*Your goal*: The following data has a line with "has_real_derivative - (c0" and a line with "g y) has_real_derivative". Write out exactly those lines and all the lines between them.

┌─ Available records

lemma w0_tail_moment_has_real_derivative:
  assumes a: "\<alpha> > -1" and c0: "c0 > 0"
  shows "(w0_tail_moment \<alpha> i has_real_derivative - (c0 ^ i * w0 \<alpha> c0)) (at c0)"
proof -
  define g where "g x = x ^ i * w0 \<alpha> x" for x :: real
  define lo where "lo = c0 / 2"
  define hi where "hi = 2 * c0"
  have lo: "0 < lo" "lo < c0" "c0 < hi" using c0 by (auto simp: lo_def hi_def)
  have "continuous_on {lo..hi} g"
    unfolding g_def w0_def using lo by (intro continuous_intros) auto
  have "((\<lambda>u. LBINT y=ereal lo..ereal u. g y) has_vector_derivative g c0) (at c0 within {lo..hi})"
    by (rule interval_integral_FTC2) (use lo \<open>continuous_on {lo..hi} g\<close> in auto)
  then have D: "((\<lambda>u. LBINT y=ereal lo..ereal u. g y) has_real_derivative g c0) (at c0)"
    using at_within_Icc_at[of lo c0 hi] lo by (simp add: has_real_derivative_iff_has_vector_derivative)
  have "w0_tail_moment \<alpha> i c = w0_tail_moment \<alpha> i lo - (LBINT x=ereal lo..ereal c. g x)" if "lo < c" for c
  proof -
    have "set_integrable lborel {lo<..} g"
      unfolding g_def using lo by (intro set_integrable_pow_mult_w0 a) auto
    then have "interval_lebesgue_integrable lborel (ereal lo) \<infinity> g"
      by (simp add: interval_lebesgue_integrable_def einterval_def greaterThan_def)
    from interval_integral_sum[of "ereal lo" "ereal c" \<infinity> g] this \<open>lo < c\<close> show ?thesis
      by (simp add: w0_tail_moment_def interval_integral_Ioi g_def[abs_def] interval_lebesgue_integrable_def
          einterval_def min_def max_def greaterThan_def)
  qed
  then have "\<forall>\<^sub>F u in nhds c0. w0_tail_moment \<alpha> i u = w0_tail_moment \<alpha> i lo - (LBINT y=ereal lo..ereal u. g y)"
    using lo by (intro eventually_mono[OF eventually_nhds_in_open[of "{lo<..}" c0]]) auto
  moreover have "((\<lambda>u. w0_tail_moment \<alpha> i lo - (LBINT y=ereal lo..ereal u. g y)) has_real_derivative - g c0) (at c0)"
    using DERIV_diff[OF DERIV_const D] by simp
  ultimately show ?thesis
    by (subst DERIV_cong_ev[OF refl _ refl]) (auto simp: g_def)
qed
definition good :: "real \<Rightarrow> real \<Rightarrow> real \<Rightarrow> real \<Rightarrow> (outcome \<Rightarrow> real) \<Rightarrow> bool" where
  "good T R P S p \<longleftrightarrow> agreeable p \<and>
     (\<forall>p0 y v. 0 \<le> p0 \<and> p0 \<le> 1 \<and> Y_pattern y \<and> limit_dist p p0 y v \<and> payY T R P S v \<ge> R
        \<longrightarrow> payY T R P S v = R \<and> payX T R P S v = R)"

end

theory Submission
  imports Defs "HOL-Analysis.Analysis"
begin

text \<open>
  Whatever Y does, in every limit distribution v the frequency of X's cooperation, v_CC + v_CD,
  equals the expectation of p under v: the Cesaro averages of the outcome distributions of rounds
  n + 1 and n differ by a telescoping term of order 1/n. For agreeable p this reads
  v_DC p_3 + v_DD p_4 = v_CD (1 - p_2), which turns s_Y - R = (T-R) v_CD - (R-S) v_DC - (R-P) v_DD into
    (1 - p_2) (s_Y - R) = v_DC ((T-R) p_3 - (R-S) (1-p_2)) + v_DD ((T-R) p_4 - (R-P) (1-p_2)).
  Under the two inequalities (which force p_2 < 1 unless p = (1,1,0,0)) the right-hand side is
  nonpositive, and if they are strict, s_Y >= R forces v_CD = v_DC = v_DD = 0, hence s_X = s_Y = R.
  Conversely, against X opening with defection, the Y that defects exactly after mutual cooperation
  (so that v_DD = 0 and v_CC = v_CD) and the Y that always defects (so that v_CC = v_DC = 0) get
  s_Y > R when the first resp. second inequality fails, and s_Y = R > s_X when it is an equality.
\<close>

lemma UNIV_outcome: "UNIV = {CC, CD, DC, DD}"
  using outcome.exhaust by auto

instance outcome :: finite
  by standard (simp add: UNIV_outcome)

definition hist_expect ::
  "(outcome \<Rightarrow> real) \<Rightarrow> real \<Rightarrow> (outcome list \<Rightarrow> real) \<Rightarrow> nat \<Rightarrow> (outcome list \<Rightarrow> real) \<Rightarrow> real"
  where "hist_expect p p0 y n f = (\<Sum>h\<leftarrow>hists n. hist_prob p p0 y h * f h)"

lemma sum_list_extend_hists:
  "(\<Sum>h\<leftarrow>concat (map (\<lambda>h. map (\<lambda>w. w # h) [CC, CD, DC, DD]) hs). f h)
     = (\<Sum>h\<leftarrow>hs. \<Sum>w\<in>UNIV. f (w # h))"
  by (induct hs) (simp_all add: UNIV_outcome algebra_simps)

└─

*Response to the task*:
  shows "(w0_tail_moment \<alpha> i has_real_derivative - (c0 ^ i * w0 \<alpha> c0)) (at c0)"
proof -
  define g where "g x = x ^ i * w0 \<alpha> x" for x :: real
  define lo where "lo = c0 / 2"
  define hi where "hi = 2 * c0"
  have lo: "0 < lo" "lo < c0" "c0 < hi" using c0 by (auto simp: lo_def hi_def)
  have "continuous_on {lo..hi} g"
    unfolding g_def w0_def using lo by (intro continuous_intros) auto
  have "((\<lambda>u. LBINT y=ereal lo..ereal u. g y) has_vector_derivative g c0) (at c0 within {lo..hi})"
    by (rule interval_integral_FTC2) (use lo \<open>continuous_on {lo..hi} g\<close> in auto)
  then have D: "((\<lambda>u. LBINT y=ereal lo..ereal u. g y) has_real_derivative g c0) (at c0)"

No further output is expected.